▶ **Work task**: Your answer should be every line of the entries that has the string "bounded" in it.

=== Available records ===

theorem mainTheorem8:
  fixes D :: "((real^'n) \<times> real) measure" and \<mu> :: "real^'n"
    and lam \<epsilon> :: real and w :: "nat \<Rightarrow> real^'n" and i :: 'n and t :: nat
  assumes "slar_dist D \<mu>" and "lam > 0" and "\<epsilon> > 0"
    and "AT_seq D lam \<epsilon> w"
    and "\<bar>\<mu> $ i\<bar> \<le> \<epsilon>"
    and "t > 0"
  shows "(w t $ i > 0 \<longrightarrow> w (Suc t) $ i \<le> 0) \<and> (w t $ i < 0 \<longrightarrow> w (Suc t) $ i \<ge> 0)"
proof -
  interpret slar D \<mu>
    using assms(1) by unfold_locales
  define W where "W = w (Suc t)"
  have "\<not> sgn (w t $ i) * W $ i > 0"
  proof
    assume "sgn (w t $ i) * W $ i > 0"
    then have "U_obj D lam (at_perturb \<epsilon> (w t)) (W - W $ i *\<^sub>R axis i 1)
        < U_obj D lam (at_perturb \<epsilon> (w t)) W"
      using U_obj_cancel_nth_less assms(2,5) by blast
    with assms(4) show False
      unfolding AT_seq_def W_def by (meson not_less)
  qed
  then show ?thesis
    unfolding W_def by (auto simp: sgn_if not_less)
qed

end
text \<open>Letting the second point of a chord tend to 1 turns the chord inequality into the tangent
  inequality.\<close>
lemma concave_like_supporting_line:
  fixes F :: "real \<Rightarrow> real"
  assumes cl: "concave_like F lmax" and r: "0 < r" "r < 1" "1 + r < lmax"
    and K: "0 \<le> K" and a: "0 \<le> a"
    and lower: "\<forall>x. \<bar>x - 1\<bar> \<le> r \<longrightarrow> F 1 + s * (x - 1) - K * (x - 1)^2 \<le> F x"
    and upper: "\<forall>x. \<bar>x - 1\<bar> \<le> r \<longrightarrow> F x \<le> F 1 + s * (x - 1) - a * (x - 1)^2"
  shows "\<forall>x\<in>{0..lmax}. F x \<le> F 1 + s * (x - 1)"
proof
  fix x assume x: "x \<in> {0..lmax}"
  consider "\<bar>x - 1\<bar> \<le> r" | "x < 1 - r" | "1 + r < x" by linarith
  then show "F x \<le> F 1 + s * (x - 1)"
  proof cases
    case 1
    then show ?thesis using upper mult_nonneg_nonneg[OF a zero_le_power2[of "x - 1"]] by fastforce
  next
    case 2
    show ?thesis
    proof (rule le_if_less_add_small[OF r(1), of "(1 - x) * K"])
      fix d assume d: "0 < d" "d \<le> r"
      have "(F (1 + d) - F 1) * (1 - x) < (F 1 - F x) * d"
        using concave_like_chord[OF cl, of x "1 + d"] x 2 d r by auto
      moreover have "(s * d - K * d^2) * (1 - x) \<le> (F (1 + d) - F 1) * (1 - x)"
        using lower[rule_format, of "1 + d"] d 2 r by (intro mult_right_mono) auto
      ultimately have "d * ((s - K * d) * (1 - x)) < d * (F 1 - F x)"
        by (simp add: power2_eq_square algebra_simps)
      then have "(s - K * d) * (1 - x) < F 1 - F x" using d by simp
      then show "F x < F 1 + s * (x - 1) + (1 - x) * K * d" by (simp add: algebra_simps)
    qed (use 2 K r in simp)
  next
    case 3
    show ?thesis
    proof (rule le_if_less_add_small[OF r(1), of "(x - 1) * K"])
      fix d assume d: "0 < d" "d \<le> r"
      have "(F x - F 1) * d < (F 1 - F (1 - d)) * (x - 1)"
        using concave_like_chord[OF cl, of "1 - d" x] x 3 d r by auto
      moreover have "(F 1 - F (1 - d)) * (x - 1) \<le> (s * d + K * d^2) * (x - 1)"
        using lower[rule_format, of "1 - d"] d 3 r by (intro mult_right_mono) auto
      ultimately have "d * (F x - F 1) < d * ((s + K * d) * (x - 1))"
        by (simp add: power2_eq_square algebra_simps)
      then have "F x - F 1 < (s + K * d) * (x - 1)" using d by simp
      then show "F x < F 1 + s * (x - 1) + (x - 1) * K * d" by (simp add: algebra_simps)
    qed (use 3 K r in simp)
  qed
qed

lemma quadratic_gap_from_local:
  fixes G :: "real \<Rightarrow> real"
  assumes a: "0 < a" and g: "0 < g" and L: "0 < L"
    and bounded: "\<forall>x\<in>S. \<bar>x - 1\<bar> \<le> L"
    and near: "\<forall>x\<in>S. \<bar>x - 1\<bar> \<le> r \<longrightarrow> a * (x - 1)^2 \<le> G x"
    and far: "\<forall>x\<in>S. r < \<bar>x - 1\<bar> \<longrightarrow> g \<le> G x"
  shows "\<exists>c>0. \<forall>x\<in>S. c * (x - 1)^2 \<le> G x"
proof (intro exI[of _ "min a (g / L^2)"] conjI ballI)
  show "0 < min a (g / L^2)" using a g L by simp
  fix x assume x: "x \<in> S"
  show "min a (g / L^2) * (x - 1)^2 \<le> G x"
  proof (cases "\<bar>x - 1\<bar> \<le> r")
    case True
    have "min a (g / L^2) * (x - 1)^2 \<le> a * (x - 1)^2" by (intro mult_right_mono) auto
    then show ?thesis using near x True by fastforce
  next
    case False
    have "\<bar>x - 1\<bar> \<le> \<bar>L\<bar>" using bounded x L by auto
    then have "(x - 1)^2 \<le> L^2" by (simp only: abs_le_square_iff)
    then have "min a (g / L^2) * (x - 1)^2 \<le> g / L^2 * L^2"
      using g by (intro mult_mono) auto
    moreover have "g \<le> G x" using far x False by auto
    ultimately show ?thesis using L by simp
  qed
qed

lemma concave_like_below_line:
  fixes F :: "real \<Rightarrow> real"
  assumes cl: "concave_like F lmax" and x: "0 \<le> x1" "x1 < 1" "1 < x2" "x2 \<le> lmax"
  shows "F x1 < F 1 + s * (x1 - 1) \<or> F x2 < F 1 + s * (x2 - 1)"
proof (rule ccontr)
  assume "\<not> ?thesis"
  then have "F 1 - F x1 \<le> s * (1 - x1)" and "s * (x2 - 1) \<le> F x2 - F 1"
    by (simp_all add: algebra_simps)
  then have "(F 1 - F x1) * (x2 - 1) \<le> s * (1 - x1) * (x2 - 1)"
    and "s * (x2 - 1) * (1 - x1) \<le> (F x2 - F 1) * (1 - x1)"
    using x by (auto intro!: mult_right_mono)
  then show False using concave_like_chord[OF cl x] by (simp add: algebra_simps)
qed

text \<open>By \<open>concave_like_below_line\<close> the gap attains a positive minimum on one of the two
  sides away from 1; combined with the quadratic gap near 1 this gives a quadratic gap on that side.\<close>
lemma concave_like_quadratic_gap:
  fixes F :: "real \<Rightarrow> real"
  assumes cl: "concave_like F lmax" and r: "0 < r" "r < 1" "1 + r < lmax" and a: "0 < a"
    and F_cont: "continuous_on {0..lmax} F"
    and near: "\<forall>x. \<bar>x - 1\<bar> \<le> r \<longrightarrow> F x \<le> F 1 + s * (x - 1) - a * (x - 1)^2"
    and line: "\<forall>x\<in>{0..lmax}. F x \<le> F 1 + s * (x - 1)"
  shows "\<exists>c>0. (\<forall>x\<in>{0..1}. F x \<le> F 1 + s * (x - 1) - c * (x - 1)^2) \<or>
               (\<forall>x\<in>{1..lmax}. F x \<le> F 1 + s * (x - 1) - c * (x - 1)^2)"
proof -
  define G where "G x = F 1 + s * (x - 1) - F x" for x
  have G_cont: "continuous_on {0..lmax} G" unfolding G_def by (intro continuous_intros F_cont)
  have G_near: "a * (x - 1)^2 \<le> G x" if "\<bar>x - 1\<bar> \<le> r" for x
    using near[rule_format, OF that] by (simp add: G_def)
  obtain x0 where x0: "x0 \<in> {0..1 - r}" "\<And>x. x \<in> {0..1 - r} \<Longrightarrow> G x0 \<le> G x"
    using continuous_attains_inf[of "{0..1 - r}" G] continuous_on_subset[OF G_cont] r by auto
  obtain y0 where y0: "y0 \<in> {1 + r..lmax}" "\<And>x. x \<in> {1 + r..lmax} \<Longrightarrow> G y0 \<le> G x"
    using continuous_attains_inf[of "{1 + r..lmax}" G] continuous_on_subset[OF G_cont] r by auto
  have "0 < G x0 \<or> 0 < G y0"
    using concave_like_below_line[OF cl, of x0 y0 s] x0 y0 r by (auto simp: G_def)
  then show ?thesis
  proof
    assume "0 < G x0"
    then obtain c where "c > 0" "\<forall>x\<in>{0..1}. c * (x - 1)^2 \<le> G x"
      using quadratic_gap_from_local[of a "G x0" 1 "{0..1}" r G] a G_near x0 by force
    then have "\<forall>x\<in>{0..1}. F x \<le> F 1 + s * (x - 1) - c * (x - 1)^2" by (auto simp: G_def)
    then show ?thesis using \<open>c > 0\<close> by blast
  next
    assume "0 < G y0"
    then obtain c where "c > 0" "\<forall>x\<in>{1..lmax}. c * (x - 1)^2 \<le> G x"
      using quadratic_gap_from_local[of a "G y0" "lmax - 1" "{1..lmax}" r G] a G_near y0 r
      by force
    then have "\<forall>x\<in>{1..lmax}. F x \<le> F 1 + s * (x - 1) - c * (x - 1)^2" by (auto simp: G_def)
    then show ?thesis using \<open>c > 0\<close> by blast
  qed
qed

lemma quadratic_lower_bound_from_local:
  fixes F :: "real \<Rightarrow> real"
  assumes r: "0 < r" and K: "0 \<le> K" and s: "0 \<le> s"
    and F_nonneg: "\<forall>x\<in>{0..lmax}. 0 \<le> F x"
    and near: "\<forall>x. \<bar>x - 1\<bar> \<le> r \<longrightarrow> F 1 + s * (x - 1) - K * (x - 1)^2 \<le> F x"
  shows "\<exists>K'\<ge>0. \<forall>x\<in>{0..lmax}. F 1 + s * (x - 1) - K' * (x - 1)^2 \<le> F x"
proof -
  define B where "B = \<bar>F 1\<bar> + s * \<bar>lmax\<bar>"
  have B: "0 \<le> B" using s by (simp add: B_def)
  define K' where "K' = max K (B / r^2)"
  have "F 1 + s * (x - 1) - K' * (x - 1)^2 \<le> F x" if x: "x \<in> {0..lmax}" for x
  proof (cases "\<bar>x - 1\<bar> \<le> r")
    case True
    have "K * (x - 1)^2 \<le> K' * (x - 1)^2" by (intro mult_right_mono) (auto simp: K'_def)
    then show ?thesis using near True by force
  next
    case False
    then have "r^2 \<le> (x - 1)^2" using r by (simp add: abs_le_square_iff[symmetric])
    then have "B / r^2 * r^2 \<le> K' * (x - 1)^2"
      using B r K by (intro mult_mono) (auto simp: K'_def)
    then have "B \<le> K' * (x - 1)^2" using r by simp
    moreover have "s * (x - 1) \<le> s * \<bar>lmax\<bar>" using x s by (intro mult_left_mono) auto
    moreover have "0 \<le> F x" using F_nonneg x by blast
    ultimately show ?thesis using abs_ge_self[of "F 1"] by (simp add: B_def)
  qed
  then show ?thesis using K by (intro exI[of _ K']) (auto simp: K'_def)
qed

lemma quadratic_bounds_near_1:
  fixes F F' F'' :: "real \<Rightarrow> real"
  assumes lmax: "1 < lmax"
    and F_deriv: "\<forall>x\<in>{0..lmax}. (F has_real_derivative F' x) (at x within {0..lmax})"
    and F'_deriv: "\<forall>x\<in>{0<..<lmax}. (F' has_real_derivative F'' x) (at x)"
    and F''_cont: "continuous_on {0<..<lmax} F''" and F''1: "F'' 1 < 0"
  shows "\<exists>r>0. r < 1 \<and> 1 + r < lmax \<and> (\<forall>x. \<bar>x - 1\<bar> \<le> r \<longrightarrow>
           F 1 + F' 1 * (x - 1) - (- 3 * F'' 1 / 4) * (x - 1)^2 \<le> F x \<and>
           F x \<le> F 1 + F' 1 * (x - 1) - (- F'' 1 / 4) * (x - 1)^2)"
proof -
  have F_at: "\<forall>x\<in>{0<..<lmax}. (F has_real_derivative F' x) (at x)"
  proof
    fix x :: real assume x: "x \<in> {0<..<lmax}"
    then have "(F has_real_derivative F' x) (at x within {0..lmax})" using F_deriv by auto
    then show "(F has_real_derivative F' x) (at x)" using at_within_Icc_at[of 0 x lmax] x by simp
  qed
  have "isCont F'' 1" using F''_cont lmax by (simp add: continuous_on_eq_continuous_at)
  then have "\<exists>r>0. 0 < 1 - r \<and> 1 + r < lmax \<and> (\<forall>x. \<bar>x - 1\<bar> \<le> r \<longrightarrow>
      F 1 + F' 1 * (x - 1) + (F'' 1 - - F'' 1 / 2) / 2 * (x - 1)^2 \<le> F x \<and>
      F x \<le> F 1 + F' 1 * (x - 1) + (F'' 1 + - F'' 1 / 2) / 2 * (x - 1)^2)"
    using lmax F''1 by (intro second_order_taylor_bounds_near[OF F_at F'_deriv]) auto
  moreover have "F 1 + F' 1 * (x - 1) + (F'' 1 - - F'' 1 / 2) / 2 * (x - 1)^2
      = F 1 + F' 1 * (x - 1) - (- 3 * F'' 1 / 4) * (x - 1)^2"
    and "F 1 + F' 1 * (x - 1) + (F'' 1 + - F'' 1 / 2) / 2 * (x - 1)^2
      = F 1 + F' 1 * (x - 1) - (- F'' 1 / 4) * (x - 1)^2" for x
    by (simp_all add: field_simps)
  ultimately show ?thesis by auto
qed

section \<open>Lower bound on the mean queue length\<close>

lemma abs_sqrt_minus_1_le:
  assumes "0 \<le> l"
  shows "\<bar>sqrt l - 1\<bar> \<le> \<bar>l - 1\<bar>"
proof -
  have sqrt: "0 \<le> sqrt l" "sqrt l * sqrt l = l" using assms by simp_all
  have "l - 1 = (sqrt l - 1) * (sqrt l + 1)" using sqrt(2) by (simp add: algebra_simps)
  then have "\<bar>l - 1\<bar> = \<bar>sqrt l - 1\<bar> * \<bar>sqrt l + 1\<bar>" by (simp only: abs_mult)
  also have "\<bar>sqrt l + 1\<bar> = sqrt l + 1" using sqrt(1) by (intro abs_of_nonneg) linarith
  finally show ?thesis using sqrt(1) by (simp add: mult_le_cancel_left1)
qed

lemma sqrt_mult_increment_le:
  fixes p l :: real
  assumes p: "0 \<le> p" and l: "0 \<le> l"
  shows "max (sqrt (p * l) - sqrt p) 0 \<le> sqrt p * max (l - 1) 0"
    and "max (sqrt p - sqrt (p * l)) 0 \<le> sqrt p * max (1 - l) 0"
proof -
  have "\<bar>sqrt l - 1\<bar> \<le> \<bar>l - 1\<bar>" by (rule abs_sqrt_minus_1_le[OF l])
  moreover have "1 \<le> sqrt l \<longleftrightarrow> 1 \<le> l" by simp
  ultimately have up: "max (sqrt l - 1) 0 \<le> max (l - 1) 0"
    and down: "max (1 - sqrt l) 0 \<le> max (1 - l) 0"
    by (simp_all add: max_def abs_if split: if_splits)
  have "max (sqrt (p * l) - sqrt p) 0 = sqrt p * max (sqrt l - 1) 0"
    and "max (sqrt p - sqrt (p * l)) 0 = sqrt p * max (1 - sqrt l) 0"
    using p by (simp_all add: real_sqrt_mult max_mult_distrib_left right_diff_distrib)
  then show "max (sqrt (p * l) - sqrt p) 0 \<le> sqrt p * max (l - 1) 0"
    and "max (sqrt p - sqrt (p * l)) 0 \<le> sqrt p * max (1 - l) 0"
    using mult_left_mono[OF up real_sqrt_ge_zero[OF p]] mult_left_mono[OF down real_sqrt_ge_zero[OF p]]
    by simp_all
qed

lemma power2_add_sum_le:
  fixes a :: "nat \<Rightarrow> real"
  shows "(y + (\<Sum>j\<in>A. a j))^2 \<le> 2 * y^2 + 2 * real (card A) * (\<Sum>j\<in>A. (a j)^2)"
proof -
  let ?S = "\<Sum>j\<in>A. a j"
  have "?S^2 \<le> real (card A) * (\<Sum>j\<in>A. (a j)^2)"
    using Cauchy_Schwarz_ineq_sum[of "\<lambda>_. 1" a A] by simp
  then have "2 * ?S^2 \<le> 2 * real (card A) * (\<Sum>j\<in>A. (a j)^2)" by simp
  moreover have "(y + ?S)^2 \<le> 2 * y^2 + 2 * ?S^2"
    using zero_le_power2[of "y - ?S"] by (simp add: power2_eq_square algebra_simps)
  ultimately show ?thesis by linarith
qed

===

▶ **Response box**:
    and bounded: "\<forall>x\<in>S. \<bar>x - 1\<bar> \<le> L"
    have "\<bar>x - 1\<bar> \<le> \<bar>L\<bar>" using bounded x L by auto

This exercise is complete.